• YOUR TASK: Output range, inclusive: from the line containing "l) f (place_perm ?d" to the line containing "(place_perm ?d (relabel". Restate those lines from the data below word for word and only those.

• Stored data entries:
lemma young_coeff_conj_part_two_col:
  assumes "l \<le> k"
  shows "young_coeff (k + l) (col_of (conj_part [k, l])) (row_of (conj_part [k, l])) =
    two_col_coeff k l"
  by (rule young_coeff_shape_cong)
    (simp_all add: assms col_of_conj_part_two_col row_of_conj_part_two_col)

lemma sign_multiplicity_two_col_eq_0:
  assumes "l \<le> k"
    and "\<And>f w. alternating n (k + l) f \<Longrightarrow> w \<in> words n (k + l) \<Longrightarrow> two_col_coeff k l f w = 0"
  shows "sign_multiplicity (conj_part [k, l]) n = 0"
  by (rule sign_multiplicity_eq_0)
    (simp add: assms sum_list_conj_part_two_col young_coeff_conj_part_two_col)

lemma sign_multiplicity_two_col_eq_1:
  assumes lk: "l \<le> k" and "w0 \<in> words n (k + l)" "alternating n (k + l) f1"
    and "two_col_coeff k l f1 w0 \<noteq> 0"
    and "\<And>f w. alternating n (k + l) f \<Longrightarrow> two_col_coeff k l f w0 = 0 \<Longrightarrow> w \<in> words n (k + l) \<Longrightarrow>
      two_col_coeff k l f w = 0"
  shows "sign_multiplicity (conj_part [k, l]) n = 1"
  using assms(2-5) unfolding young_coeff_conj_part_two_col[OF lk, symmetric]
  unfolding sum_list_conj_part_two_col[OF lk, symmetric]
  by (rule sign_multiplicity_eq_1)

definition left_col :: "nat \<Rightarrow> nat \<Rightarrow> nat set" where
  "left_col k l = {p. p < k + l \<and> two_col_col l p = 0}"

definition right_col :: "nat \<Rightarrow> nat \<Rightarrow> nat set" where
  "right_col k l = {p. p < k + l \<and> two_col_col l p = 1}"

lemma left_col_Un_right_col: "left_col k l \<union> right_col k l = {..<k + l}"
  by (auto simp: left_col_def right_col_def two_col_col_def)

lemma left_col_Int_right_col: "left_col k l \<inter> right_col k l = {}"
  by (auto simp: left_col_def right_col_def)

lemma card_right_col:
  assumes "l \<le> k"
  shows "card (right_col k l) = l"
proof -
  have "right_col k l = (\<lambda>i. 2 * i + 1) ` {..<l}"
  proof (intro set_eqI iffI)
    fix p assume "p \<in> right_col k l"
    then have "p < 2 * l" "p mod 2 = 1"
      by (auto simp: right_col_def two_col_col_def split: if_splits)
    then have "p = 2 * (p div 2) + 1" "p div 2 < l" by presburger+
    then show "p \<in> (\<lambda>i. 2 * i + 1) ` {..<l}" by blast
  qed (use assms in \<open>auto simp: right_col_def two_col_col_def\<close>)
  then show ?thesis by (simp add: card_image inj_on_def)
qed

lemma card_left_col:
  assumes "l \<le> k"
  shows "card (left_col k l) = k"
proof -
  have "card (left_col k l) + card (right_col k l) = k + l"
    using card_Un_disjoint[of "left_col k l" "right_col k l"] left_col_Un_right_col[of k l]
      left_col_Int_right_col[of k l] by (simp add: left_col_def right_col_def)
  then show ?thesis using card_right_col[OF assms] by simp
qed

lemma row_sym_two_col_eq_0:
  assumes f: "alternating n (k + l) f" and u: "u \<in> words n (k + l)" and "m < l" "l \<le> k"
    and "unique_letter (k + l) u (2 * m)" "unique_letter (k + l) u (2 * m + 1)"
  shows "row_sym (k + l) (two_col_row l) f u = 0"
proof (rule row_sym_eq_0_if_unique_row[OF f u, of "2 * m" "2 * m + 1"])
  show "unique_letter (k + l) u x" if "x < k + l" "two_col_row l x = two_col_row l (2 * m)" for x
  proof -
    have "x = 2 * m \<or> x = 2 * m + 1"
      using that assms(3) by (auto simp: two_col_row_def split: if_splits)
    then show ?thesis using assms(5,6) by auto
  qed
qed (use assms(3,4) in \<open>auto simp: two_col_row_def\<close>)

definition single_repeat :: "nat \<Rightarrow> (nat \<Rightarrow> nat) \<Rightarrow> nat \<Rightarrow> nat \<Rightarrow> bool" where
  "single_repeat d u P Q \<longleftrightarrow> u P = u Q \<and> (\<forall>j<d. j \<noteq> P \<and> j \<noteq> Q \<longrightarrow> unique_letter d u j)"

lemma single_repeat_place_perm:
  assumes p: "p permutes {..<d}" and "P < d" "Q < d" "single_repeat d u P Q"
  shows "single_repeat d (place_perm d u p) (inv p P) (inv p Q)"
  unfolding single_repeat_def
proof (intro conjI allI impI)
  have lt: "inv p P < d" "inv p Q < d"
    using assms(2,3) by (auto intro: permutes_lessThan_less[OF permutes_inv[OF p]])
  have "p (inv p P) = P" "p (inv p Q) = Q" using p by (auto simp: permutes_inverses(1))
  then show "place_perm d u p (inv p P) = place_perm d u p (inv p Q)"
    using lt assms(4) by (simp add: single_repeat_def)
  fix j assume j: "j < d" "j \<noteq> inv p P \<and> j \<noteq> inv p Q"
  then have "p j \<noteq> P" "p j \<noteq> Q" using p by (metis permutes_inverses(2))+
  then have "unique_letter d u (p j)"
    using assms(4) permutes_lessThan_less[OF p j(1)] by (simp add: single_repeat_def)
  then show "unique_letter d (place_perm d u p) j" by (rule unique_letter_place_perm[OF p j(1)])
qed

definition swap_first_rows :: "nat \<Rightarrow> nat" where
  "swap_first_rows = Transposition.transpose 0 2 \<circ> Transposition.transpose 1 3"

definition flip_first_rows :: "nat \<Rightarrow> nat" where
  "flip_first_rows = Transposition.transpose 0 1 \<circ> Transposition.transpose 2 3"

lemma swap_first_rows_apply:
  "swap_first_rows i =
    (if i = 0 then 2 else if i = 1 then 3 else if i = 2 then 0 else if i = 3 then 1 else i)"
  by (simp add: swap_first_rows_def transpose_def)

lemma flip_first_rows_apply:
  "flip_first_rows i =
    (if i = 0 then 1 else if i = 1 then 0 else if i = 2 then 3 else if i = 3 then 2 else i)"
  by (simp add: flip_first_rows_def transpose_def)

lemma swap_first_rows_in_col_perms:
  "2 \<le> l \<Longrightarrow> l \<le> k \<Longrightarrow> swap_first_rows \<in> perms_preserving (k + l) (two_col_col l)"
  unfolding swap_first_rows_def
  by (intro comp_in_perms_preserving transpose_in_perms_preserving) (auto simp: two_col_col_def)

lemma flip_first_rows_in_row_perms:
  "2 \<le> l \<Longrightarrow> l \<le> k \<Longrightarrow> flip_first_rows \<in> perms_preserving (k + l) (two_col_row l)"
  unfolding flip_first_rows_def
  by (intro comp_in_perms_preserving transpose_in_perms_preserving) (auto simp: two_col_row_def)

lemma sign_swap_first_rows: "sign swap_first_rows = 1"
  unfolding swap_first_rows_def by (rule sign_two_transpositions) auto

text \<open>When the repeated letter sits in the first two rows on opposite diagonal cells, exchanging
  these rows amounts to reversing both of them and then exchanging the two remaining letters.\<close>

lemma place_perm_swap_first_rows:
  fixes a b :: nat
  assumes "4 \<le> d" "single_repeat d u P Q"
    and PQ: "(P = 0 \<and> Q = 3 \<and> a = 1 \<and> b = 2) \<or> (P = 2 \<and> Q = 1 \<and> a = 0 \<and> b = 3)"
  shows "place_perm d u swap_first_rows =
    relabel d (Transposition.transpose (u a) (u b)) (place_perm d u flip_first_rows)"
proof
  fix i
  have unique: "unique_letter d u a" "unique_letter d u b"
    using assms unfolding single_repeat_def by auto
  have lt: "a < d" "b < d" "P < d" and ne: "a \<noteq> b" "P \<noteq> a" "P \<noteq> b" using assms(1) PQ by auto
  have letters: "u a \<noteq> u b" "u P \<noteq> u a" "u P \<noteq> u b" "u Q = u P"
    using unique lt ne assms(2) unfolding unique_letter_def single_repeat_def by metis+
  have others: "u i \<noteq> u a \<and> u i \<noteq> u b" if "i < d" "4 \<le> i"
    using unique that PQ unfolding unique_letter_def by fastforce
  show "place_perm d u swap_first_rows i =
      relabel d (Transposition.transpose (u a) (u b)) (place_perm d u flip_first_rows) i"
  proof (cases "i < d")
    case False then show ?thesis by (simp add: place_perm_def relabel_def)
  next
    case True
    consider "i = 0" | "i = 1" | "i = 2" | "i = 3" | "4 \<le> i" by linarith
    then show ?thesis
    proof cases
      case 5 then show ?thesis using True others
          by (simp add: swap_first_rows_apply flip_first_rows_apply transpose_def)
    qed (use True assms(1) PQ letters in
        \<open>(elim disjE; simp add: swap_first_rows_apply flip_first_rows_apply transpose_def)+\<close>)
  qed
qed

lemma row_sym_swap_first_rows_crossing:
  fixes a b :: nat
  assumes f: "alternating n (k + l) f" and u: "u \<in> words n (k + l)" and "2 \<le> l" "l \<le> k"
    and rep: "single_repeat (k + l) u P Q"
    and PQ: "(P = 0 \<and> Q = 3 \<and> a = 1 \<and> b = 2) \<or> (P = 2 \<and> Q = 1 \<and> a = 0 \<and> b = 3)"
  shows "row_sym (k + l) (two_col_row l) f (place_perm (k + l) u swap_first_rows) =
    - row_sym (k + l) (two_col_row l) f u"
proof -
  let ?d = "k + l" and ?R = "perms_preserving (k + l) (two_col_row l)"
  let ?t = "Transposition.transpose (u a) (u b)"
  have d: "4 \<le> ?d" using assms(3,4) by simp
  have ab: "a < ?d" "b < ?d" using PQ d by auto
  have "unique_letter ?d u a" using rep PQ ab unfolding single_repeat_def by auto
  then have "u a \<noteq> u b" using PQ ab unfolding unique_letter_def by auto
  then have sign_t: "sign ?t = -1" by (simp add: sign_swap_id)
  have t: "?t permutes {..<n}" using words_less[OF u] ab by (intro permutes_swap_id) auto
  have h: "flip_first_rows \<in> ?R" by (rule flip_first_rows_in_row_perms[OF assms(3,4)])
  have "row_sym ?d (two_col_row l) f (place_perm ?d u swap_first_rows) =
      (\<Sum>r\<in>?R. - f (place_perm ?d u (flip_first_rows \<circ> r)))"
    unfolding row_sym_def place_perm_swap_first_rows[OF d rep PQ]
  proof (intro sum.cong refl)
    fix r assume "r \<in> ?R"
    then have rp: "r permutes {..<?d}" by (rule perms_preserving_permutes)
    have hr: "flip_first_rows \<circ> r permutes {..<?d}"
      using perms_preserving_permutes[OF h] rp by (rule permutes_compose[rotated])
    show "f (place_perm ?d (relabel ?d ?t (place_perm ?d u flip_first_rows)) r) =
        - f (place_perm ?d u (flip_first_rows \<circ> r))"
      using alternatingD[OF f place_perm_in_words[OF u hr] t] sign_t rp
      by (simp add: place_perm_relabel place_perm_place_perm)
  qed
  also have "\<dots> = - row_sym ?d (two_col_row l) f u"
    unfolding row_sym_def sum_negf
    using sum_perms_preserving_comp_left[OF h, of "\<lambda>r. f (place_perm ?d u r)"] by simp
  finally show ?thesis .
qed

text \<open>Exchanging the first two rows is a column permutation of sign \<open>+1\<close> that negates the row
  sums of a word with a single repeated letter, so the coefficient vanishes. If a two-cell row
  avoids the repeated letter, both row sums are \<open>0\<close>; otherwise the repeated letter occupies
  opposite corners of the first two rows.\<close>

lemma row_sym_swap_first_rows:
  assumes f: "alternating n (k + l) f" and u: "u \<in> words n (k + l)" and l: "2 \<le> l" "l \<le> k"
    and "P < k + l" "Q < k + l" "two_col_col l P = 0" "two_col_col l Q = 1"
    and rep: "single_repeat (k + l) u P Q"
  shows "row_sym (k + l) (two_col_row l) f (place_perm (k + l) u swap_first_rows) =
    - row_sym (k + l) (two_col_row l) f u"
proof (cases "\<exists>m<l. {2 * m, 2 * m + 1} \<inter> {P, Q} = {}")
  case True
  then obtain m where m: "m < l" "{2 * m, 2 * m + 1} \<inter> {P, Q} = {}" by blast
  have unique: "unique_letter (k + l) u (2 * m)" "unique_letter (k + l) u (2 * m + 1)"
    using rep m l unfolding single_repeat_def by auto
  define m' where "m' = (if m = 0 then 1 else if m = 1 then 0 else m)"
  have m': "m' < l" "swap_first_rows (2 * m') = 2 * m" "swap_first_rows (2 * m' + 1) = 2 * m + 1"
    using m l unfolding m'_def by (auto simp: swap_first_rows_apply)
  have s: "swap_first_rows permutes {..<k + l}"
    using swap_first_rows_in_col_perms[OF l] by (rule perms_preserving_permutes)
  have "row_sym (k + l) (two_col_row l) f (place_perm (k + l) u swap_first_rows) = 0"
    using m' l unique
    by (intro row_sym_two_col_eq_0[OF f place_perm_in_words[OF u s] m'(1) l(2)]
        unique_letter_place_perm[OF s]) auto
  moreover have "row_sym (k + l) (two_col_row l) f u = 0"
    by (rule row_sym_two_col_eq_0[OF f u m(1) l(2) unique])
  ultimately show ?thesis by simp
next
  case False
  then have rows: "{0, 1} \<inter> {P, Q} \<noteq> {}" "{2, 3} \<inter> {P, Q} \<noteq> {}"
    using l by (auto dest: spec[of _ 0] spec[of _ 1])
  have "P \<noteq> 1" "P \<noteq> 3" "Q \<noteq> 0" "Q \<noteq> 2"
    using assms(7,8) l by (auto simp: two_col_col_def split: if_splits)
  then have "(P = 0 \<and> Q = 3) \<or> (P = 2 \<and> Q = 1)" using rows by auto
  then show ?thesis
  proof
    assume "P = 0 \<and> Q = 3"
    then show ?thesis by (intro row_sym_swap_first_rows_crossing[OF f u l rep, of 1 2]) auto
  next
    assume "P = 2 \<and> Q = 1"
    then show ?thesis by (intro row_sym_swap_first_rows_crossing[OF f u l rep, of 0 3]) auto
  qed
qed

• REPLY:
  have "row_sym ?d (two_col_row l) f (place_perm ?d u swap_first_rows) =
      (\<Sum>r\<in>?R. - f (place_perm ?d u (flip_first_rows \<circ> r)))"
    unfolding row_sym_def place_perm_swap_first_rows[OF d rep PQ]
  proof (intro sum.cong refl)
    fix r assume "r \<in> ?R"
    then have rp: "r permutes {..<?d}" by (rule perms_preserving_permutes)
    have hr: "flip_first_rows \<circ> r permutes {..<?d}"
      using perms_preserving_permutes[OF h] rp by (rule permutes_compose[rotated])
    show "f (place_perm ?d (relabel ?d ?t (place_perm ?d u flip_first_rows)) r) =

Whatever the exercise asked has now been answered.